ELECTRONICA: Max Loderbauer recycelt ECM
Elektronische
Wiederaufbereitung
Max Loderbauer ist einer der kreativsten Elektroniker der Berliner Szene - von Ambient bis zu einem ECM-Remix reichen seine Aktivitäten
CW. Max Loderbauer hat sich am experimentellen Ende der Berliner Elektronik-Szene positioniert. Der Synthesizerspezialist ist einen weiten Weg gegangen von der “Intelligent Dance Music” des Duos Sun Electric über Minimal-Techno seiner Gruppe NSI bis zu Klangfarbenimprovisationen mit dem Moritz von Oswald Trio. Jetzt hat er sich mit dem Elektroniker Ricardo Villalobos den ECM-Katalog vorgenommen, um ausgewählte Aufnahmen einem radikalen Remix zu unterziehen, sie minimalistisch zu zerteilen und in ein synthetisches Klangbad zu tauchen.

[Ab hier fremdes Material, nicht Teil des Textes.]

(* Let $(S,\mathcal{S})$ be a measurable space and let $\mathcal{E}\subseteq\mathcal{P}(S)$ be a $\cap$-stable collection with $\sigma(\mathcal{E})=\mathcal{S}$, $\emptyset\in\mathcal{E}$ and $\mathcal{E}\subseteq (\mathcal{E}_{int})_{\sigma}$. If $\pi$ is a constructive cr-set, then \[ T_{\pi}(A)=\sup\{ T_{\pi}(F)\mid F\in\mathcal{E}_{int},\,F\subseteq A\}\quad\text{for all } A\in\mathcal{S}.\]
   Context: $(\Omega,\mathcal{F},P)$ is a probability space; $C(S)$ is the set of countable subsets of $S$; $N_A(M)=|A\cap M|$; $\mathcal{C}(\mathcal{S})=\sigma(N_A\mid A\in\mathcal{S})$; a cr-set is an $\mathcal{F}$-$\mathcal{C}(\mathcal{S})$ measurable map $\pi:\Omega\to C(S)$, finite if its values are finite; a map $\tau:\Omega\to C(S)$ is constructive if $\tau(\omega)=\bigcup_k\pi_k(\omega)$ for all $\omega$ for some finite cr-sets $\pi_k$, $k\in\mathbb{N}$. The hitting function is $T_\pi(A)=P(\pi\cap A\neq\emptyset)$, $A\in\mathcal{S}$. For a nonempty family $\mathcal{E}$: $\mathcal{E}_\sigma$ is the family of countable unions of $\mathcal{E}$-sets (empty union not included); $\mathcal{E}_{int}=\{\bigcap_n (S\setminus E_n)\mid E_n\in\mathcal{E}\}$. *)

theory Defs
  imports "HOL-Probability.Probability"
begin

definition countable_subsets :: "'a set \<Rightarrow> 'a set set" where
  "countable_subsets S = {X. X \<subseteq> S \<and> countable X}"

definition count_in :: "'a set \<Rightarrow> 'a set \<Rightarrow> enat" where
  "count_in A X = (if finite (A \<inter> X) then enat (card (A \<inter> X)) else \<infinity>)"

text \<open>The measurable space (C(S), C(\<S>)) with C(\<S>) = sigma(N_A | A in \<S>).\<close>
definition C_sigma :: "'a measure \<Rightarrow> 'a set measure" where
  "C_sigma M = sigma (countable_subsets (space M))
     {{X \<in> countable_subsets (space M). count_in A X \<in> B} | A B. A \<in> sets M}"
(* Let $\{\mathcal{T}_n\}_{n\ge 2}$ be the two-type CMRT with parameters $p\in(0,1]$, $q\in[0,1]$, and for $k\ge 0$ let $N_k(n)$ be the number of vertices of out-degree $k$ in $\mathcal{T}_n$. Then for each fixed $k\ge 0$, $N_k(n)/n\to p_k$ in probability as $n\to\infty$, where $$p_k=\frac{p}{1+r_A^*}\left(\frac{r_A^*}{1+r_A^*}\right)^k+\frac{1-p}{1+r_B^*}\left(\frac{r_B^*}{1+r_B^*}\right)^k,\qquad r_A^*=q+\frac{(1-p)(1-q)}{p},\quad r_B^*=\frac{p(1-q)}{1-p}+q,$$ and when $p=1$ the second term of $p_k$ is interpreted as $0$.
   Context: Two-type Community Modulated Recursive Tree (CMRT) with parameters $p\in(0,1]$, $q\in[0,1]$: $\mathcal{T}_2$ consists of vertex $1$ of type $A$ and vertex $2$ of type $B$ joined by an edge (the roots of type $A$ and $B$). For $n\ge 3$, $\mathcal{T}_n$ is obtained from $\mathcal{T}_{n-1}$ by adding vertex $n$: (1) vertex $n$ is of type $A$ with probability $p$ and of type $B$ with probability $1-p$; (2) with probability $q$ it decides to connect to a vertex of its own type, and with probability $1-q$ to a vertex of the other type; (3) it connects by an edge to an existing vertex of the selected type chosen uniformly at random. All random choices are independent. Edges are viewed as directed from parent (the earlier vertex) to child; the out-degree of a vertex is its number of children. *)

theory Defs
  imports "HOL-Probability.Probability"
begin

text \<open>A tree T_n is encoded as a list t of length n: entry t!(v-1) = (type, parent)
  describes vertex v (1-indexed). Type True = A, False = B. Parent 0 means "no parent"
  (only vertex 1, the root of type A).\<close>

type_synonym cmrt_tree = "(bool \<times> nat) list"

definition cmrt_init :: cmrt_tree where
  "cmrt_init = [(True, 0), (False, 1)]"

definition verts_of_type :: "cmrt_tree \<Rightarrow> bool \<Rightarrow> nat set" where
  "verts_of_type t ty = {v \<in> {1..length t}. fst (t ! (v - 1)) = ty}"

Deine Musik ist keine lupenreine Clubmusik. Wo würdest Du sie ansiedeln?
Max Loderbauer: Schon mit Sun Electric waren wir eher im Ambient-Bereich tätig, also in Randbereichen der elektronischen Clubmusik. Wir haben keine Musik zum Abtanzen gemacht, sondern Hörmusik.
Wie war Dein Werdegang?
Max Loderbauer: Ich hatte eine klassische Klavierausbildung, habe mich aber schon früh für andere Sounds interessiert. Wir hatten ein Cembalo zu Hause, und das hat mich inspiriert, einfach weil es ein Tasteninstrument war mit einem anderen Klang als ein Klavier. Ich habe auch schon mal unser Klavier - zum Entsetzen meiner Eltern - mit Reißnägeln präpariert, um einen ‘Honky-tonk‘-Sound zu bekommen.
Was brachte dich zur Elektronik?
Max Loderbauer: Ich fing schon als Teenager an, akustische Tasteninstrumente mit Elektronik zu verfremden. Mein Vater hatte ein Zwei-Spur-Tonbandgerät, mit dem man Mehrspuraufnahmen machen konnte. Mit dem habe ich rumgespielt, das Tempo verändert und solche Sachen. Dann spielte ich in meiner ersten Band. Wir machten Prog-Rock. King Crimson war unser großes Vorbild. Von meinen Eltern habe ich eine Hohner-Orgel zu Weihnachten bekommen, die ich heute noch besitze und bei Sun Electric einsetzte. Diese Orgel war mein erster Synthesizer. Man konnte mit ihr schon recht ungewöhnliche Sounds machen.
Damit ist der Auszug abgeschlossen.